■ Records shown:

lemma bform_conv_sum:
  assumes "length x = i" "length y = i"
  shows "bform a x y = (\<Sum>l<i. x ! l * \<sigma> a (y ! l) + \<sigma> a (x ! l) * y ! l)"
  unfolding bform_def using assms by (simp add: sum_list_sum_nth atLeast0LessThan)

lemma bform_uminus: "bform (- a) x y = \<sigma> (- a) (bform a x y)"
proof (induction x arbitrary: y)
  case (Cons u x)
  then show ?case
    by (cases y) (simp_all add: \<sigma>_add \<sigma>_mult \<sigma>_\<sigma> algebra_simps)
qed simp

lemma bform_cong: "(a * int d) mod int m = (a' * int d) mod int m \<Longrightarrow> bform a x y = bform a' x y"
  unfolding bform_def \<sigma>_def by (simp add: frob_cong[of "a * int d" m "a' * int d"])

text \<open>Since \<open>\<sigma> (2 k) = id\<close>, the form at \<open>k + j\<close> is a conjugate of the one at \<open>k - j\<close>: the
  \<open>s + 1\<close> defining equations say that the form vanishes on a window of \<open>2 s + 1\<close> exponents.\<close>
lemma bform_vanish_window_iff:
  assumes "(2 * int k * int d) mod int m = 0"
  shows "(\<forall>j\<in>{0..s}. bform (int k - int j) x y = 0) \<longleftrightarrow>
    (\<forall>a\<in>{int k - int s..<int k - int s + int (2 * s + 1)}. bform a x y = 0)"
proof
  assume vanish: "\<forall>j\<in>{0..s}. bform (int k - int j) x y = 0"
  show "\<forall>a\<in>{int k - int s..<int k - int s + int (2 * s + 1)}. bform a x y = 0"
  proof
    fix a assume a: "a \<in> {int k - int s..<int k - int s + int (2 * s + 1)}"
    show "bform a x y = 0"
    proof (cases "a \<le> int k")
      case True
      define j where "j = nat (int k - a)"
      have "j \<in> {0..s}" "a = int k - int j"
        using a True by (auto simp: j_def)
      then show ?thesis
        using vanish by auto
    next
      case False
      define j where "j = nat (a - int k)"
      have j: "j \<in> {0..s}" "a = int k + int j"
        using a False by (auto simp: j_def)
      have "(a * int d) mod int m = (- (int k - int j) * int d + 2 * int k * int d) mod int m"
        by (rule arg_cong[where f = "\<lambda>t. t mod int m"]) (simp add: j(2) algebra_simps)
      also have "\<dots> = (- (int k - int j) * int d + (2 * int k * int d) mod int m) mod int m"
        by (rule mod_add_right_eq[symmetric])
      also have "\<dots> = (- (int k - int j) * int d) mod int m"
        using assms by simp
      finally have "bform a x y = bform (- (int k - int j)) x y"
        by (rule bform_cong)
      also have "\<dots> = 0"
        using vanish j(1) bform_uminus[of "int k - int j" x y] by simp
      finally show ?thesis .
    qed
  qed
qed auto


lemma card_solution_pairs:
  assumes "2 * L \<le> W"
  shows "real (card (SIGMA x:{x. length x = L}. solutions {a0..<a0 + int W} x)) =
    (\<Sum>u = 0..L. gauss_binom (real (card K)) L u
       * (\<Prod>j<u. real (card (UNIV :: 'a set)) - real (card K) ^ j)
       * real (card (UNIV :: 'a set)) ^ (L - u) * real (card K) ^ (u * (u + 1) div 2))"
proof -
  let ?S = "{x :: 'a list. length x = L}" and ?Q = "card (UNIV :: 'a set)" and ?q = "card K"
  let ?f = "\<lambda>u. ?Q ^ (L - u) * ?q ^ (u * (u + 1) div 2)"
  have "card (SIGMA x:?S. solutions {a0..<a0 + int W} x) = (\<Sum>x\<in>?S. card (solutions {a0..<a0 + int W} x))"
    by (rule card_SigmaI) (simp_all add: finite_lists_length_eq_UNIV finite_solutions)
  also have "\<dots> = (\<Sum>x\<in>?S. ?f (rank_list K x))"
    using assms by (intro sum.cong refl) (simp add: card_solutions)
  also have "\<dots> = (\<Sum>u\<in>{0..L}. \<Sum>x\<in>{x \<in> ?S. rank_list K x = u}. ?f (rank_list K x))"
    by (rule sum.group[symmetric])
      (use finite_lists_length_eq_UNIV rank_list_le_length in auto)
  also have "\<dots> = (\<Sum>u\<in>{0..L}. card {x :: 'a list. length x = L \<and> rank_list K x = u} * ?f u)"
    by (intro sum.cong refl) simp
  finally show ?thesis
    by (simp add: card_lists_rank[OF is_subfield_K] mult.assoc)
qed

text \<open>A tuple \<open>(x\<^sub>1, \<dots>, x\<^sub>2\<^sub>i)\<close> of \<open>V_set\<close> is \<open>splice x y\<close>: \<open>x\<close> collects the odd-indexed and
  \<open>y\<close> the even-indexed entries.\<close>
lemma splice_mem_V_set_iff:
  assumes "length x = i" "length y = i"
  shows "splice x y \<in> (V_set m n d e s i :: 'a list set) \<longleftrightarrow>
    (\<forall>j\<in>{0..s}. bform (int (n div e) - int j) x y = 0)"
proof -
  have "(\<Sum>l\<in>{1..i}. splice x y ! (2 * l - 2) * frob m (a * int d) (splice x y ! (2 * l - 1))
        + frob m (a * int d) (splice x y ! (2 * l - 2)) * splice x y ! (2 * l - 1))
      = bform a x y" for a
    using assms nth_splice[of x y]
    by (simp add: sum.atLeast1_atMost_eq bform_conv_sum \<sigma>_def)
  then show ?thesis
    using assms by (simp add: V_set_def)
qed

lemma mod_2_mult_n_div_e_eq_0:
  assumes "m = 2 * n" "e dvd n"
  shows "(2 * int (n div e) * int d) mod int m = 0"
proof -
  have "2 * (n div e) * d = m * (d div e)"
    using assms e_dvd_d by (metis div_mult_swap mult.assoc mult.commute)
  then show ?thesis
    by (metis mod_mult_self1_is_0 of_nat_mult of_nat_numeral)
qed

lemma splice_mem_V_set_iff_solutions:
  assumes "m = 2 * n" "e dvd n" "length x = i" "length y = i"
  shows "splice x y \<in> (V_set m n d e s i :: 'a list set) \<longleftrightarrow>
    y \<in> solutions {int (n div e) - int s..<int (n div e) - int s + int (2 * s + 1)} x"
  using splice_mem_V_set_iff[OF assms(3,4)]
    bform_vanish_window_iff[OF mod_2_mult_n_div_e_eq_0[OF assms(1,2)]] assms(3,4)
  by (simp add: solutions_def)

■ Your task:
Compute how many lines in the material contain the word "dots". Only the result should be written.

■ Your response:
7